Small businesses – SMEs – are themselves a source of innovation and growth in the UK economy. But most small businesses are not financial experts. They do, though, need to borrow in order to invest, to grow and to expand employment.

Until the launch of LSB’s Standards in March 2017, lending to SMEs was, however, unregulated, sitting outside FCA’s regulatory perimeter and exposing small businesses to the risks of poorly understood products and of unresponsive treatment by lenders.

Enter LSB in partnership with the industry.

We began work on developing the business Standards in October 2016 through a series of workshops that included registered firms, challenger banks that were not registered with the LSB, trade associations and the British Business Bank.
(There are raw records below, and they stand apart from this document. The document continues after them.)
lemma bhattacharyya_cube_neighbours:
  assumes "j < m" "j \<notin> S"
  shows "1 - \<delta>\<^sup>2 / m \<le> (\<Sum>i=1..k. sqrt (cube_dist S i * cube_dist (insert j S) i))"
proof -
  define g where "g l = sqrt (pair_weight (l \<in> S) * pair_weight (l \<in> insert j S))
      + sqrt (pair_weight (l \<notin> S) * pair_weight (l \<notin> insert j S))" for l
  have "(\<Sum>i=1..k. sqrt (cube_dist S i * cube_dist (insert j S) i)) = (\<Sum>l<m. g l)"
    by (subst sum_coords_eq_sum_pairs) (auto simp: cube_dist_def g_def)
  also have "\<dots> = g j + (\<Sum>l\<in>{..<m} - {j}. g l)"
    using assms by (simp add: sum.remove)
  also have "(\<Sum>l\<in>{..<m} - {j}. g l) = (\<Sum>l\<in>{..<m} - {j}. 1 / m)"
    using pair_weight_nonneg by (intro sum.cong) (auto simp: g_def pair_weight_add)
  also have "\<dots> = (m - 1) / m"
    using assms by simp
  finally have "(\<Sum>i=1..k. sqrt (cube_dist S i * cube_dist (insert j S) i)) = g j + (m - 1) / m" .
  moreover have "g j = 2 * sqrt (pair_weight True * pair_weight False)"
    using assms by (simp add: g_def mult.commute)
  ultimately show ?thesis
    using pair_weight_geometric_mean m_pos by (simp add: field_simps)
qed

lemma sample_overlap_cube_neighbours:
  assumes "j < m" "j \<notin> S"
  shows "1 / 4 \<le> (\<Sum>x\<in>samples k n.
           min (sample_prob n (cube_dist S) x) (sample_prob n (cube_dist (insert j S)) x))"
proof -
  define \<rho> where "\<rho> = (\<Sum>i=1..k. sqrt (cube_dist S i * cube_dist (insert j S) i))"
  have small: "2 * n * (\<delta>\<^sup>2 / m) \<le> 1 / 2" and "\<delta>\<^sup>2 / m \<le> 1"
    using \<delta>_small \<delta>_le_1 \<delta>_nonneg m_pos power_le_one[of \<delta> 2] by (auto simp: field_simps)
  then have "1 / 2 \<le> (1 - \<delta>\<^sup>2 / m) ^ (2 * n)"
    using Bernoulli_inequality[of "- (\<delta>\<^sup>2 / m)" "2 * n"] by simp
  also have "\<dots> \<le> \<rho> ^ (2 * n)"
    using bhattacharyya_cube_neighbours[OF assms] \<open>\<delta>\<^sup>2 / m \<le> 1\<close> unfolding \<rho>_def
    by (intro power_mono) auto
  also have "\<rho> ^ (2 * n) = (\<rho> ^ n)\<^sup>2"
    by (simp add: power_mult mult.commute)
  also have "\<rho> ^ n = (\<Sum>x\<in>samples k n.
      sqrt (sample_prob n (cube_dist S) x * sample_prob n (cube_dist (insert j S)) x))"
    (is "_ = ?affinity")
    unfolding \<rho>_def sample_prob_def prod.distrib[symmetric] real_sqrt_prod
    by (rule sum_samples_prod[symmetric])
  finally have "1 / 2 \<le> ?affinity\<^sup>2" .
  moreover have "?affinity\<^sup>2 / 2 \<le> (\<Sum>x\<in>samples k n.
      min (sample_prob n (cube_dist S) x) (sample_prob n (cube_dist (insert j S)) x))"
    by (intro sum_min_ge_affinity sample_prob_nonneg[OF cube_dist_in_simplex]
        sum_sample_prob[OF cube_dist_in_simplex])
  ultimately show ?thesis by linarith
qed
We consulted business trade bodies (Federation of Small Businesses, Institute of Directors, EEF) and the All Party Parliamentary Group on Fair Business Banking.

The resulting Standards of Lending Practice for business customers applied to loan, overdraft, credit card and chargecard products provided to businesses which have a turnover of up to £6.5m. Commercial mortgages have subsequently come under the business Standards.

And from this November the scope of the Standards – and hence the greater consistency of treatment they promote – expands further to include business customers up to a turnover of £25 million.
Additionally, with the agreement of Professor Russel Griggs and UK Finance, the LSB formally assumed responsibility for the oversight of the business lending appeals process on 1 April 2019.

So this is a great example of innovative regulation – fully supported by the industry itself – which will support the growth of the UK’s SME sector. It is striking that many of the signatories of LSB’s business Standards are also supporters of the new SME Finance Charter.

I’m pleased to say it is innovation that has also been recognised by LSB’s short-listing for a Credit Strategy Gamechanger award.

Regulators can also change the game in other ways too by promoting understanding of how innovation in the industry will affect consumers.

On this, why not listen to LSB’s Senior Insight Manager, Harry Hughes, in conversation with The ID Co’s CEO, James Varga in a recent podcast[1]? Their subject is the Future of Lending and, in particular, how banking data can be used to improve services and outcomes for consumers.

Now, I make no premature assumptions here about the future of open banking. Sharing data has risks as well as potential benefits for consumers.

But regulation – and LSB in particular – needs to be across these risks and opportunities, fostering understanding and ensuring that regulation facilitates the opportunities and manages the risk.

It’s about changing the game, but changing the game to improve outcomes for consumers.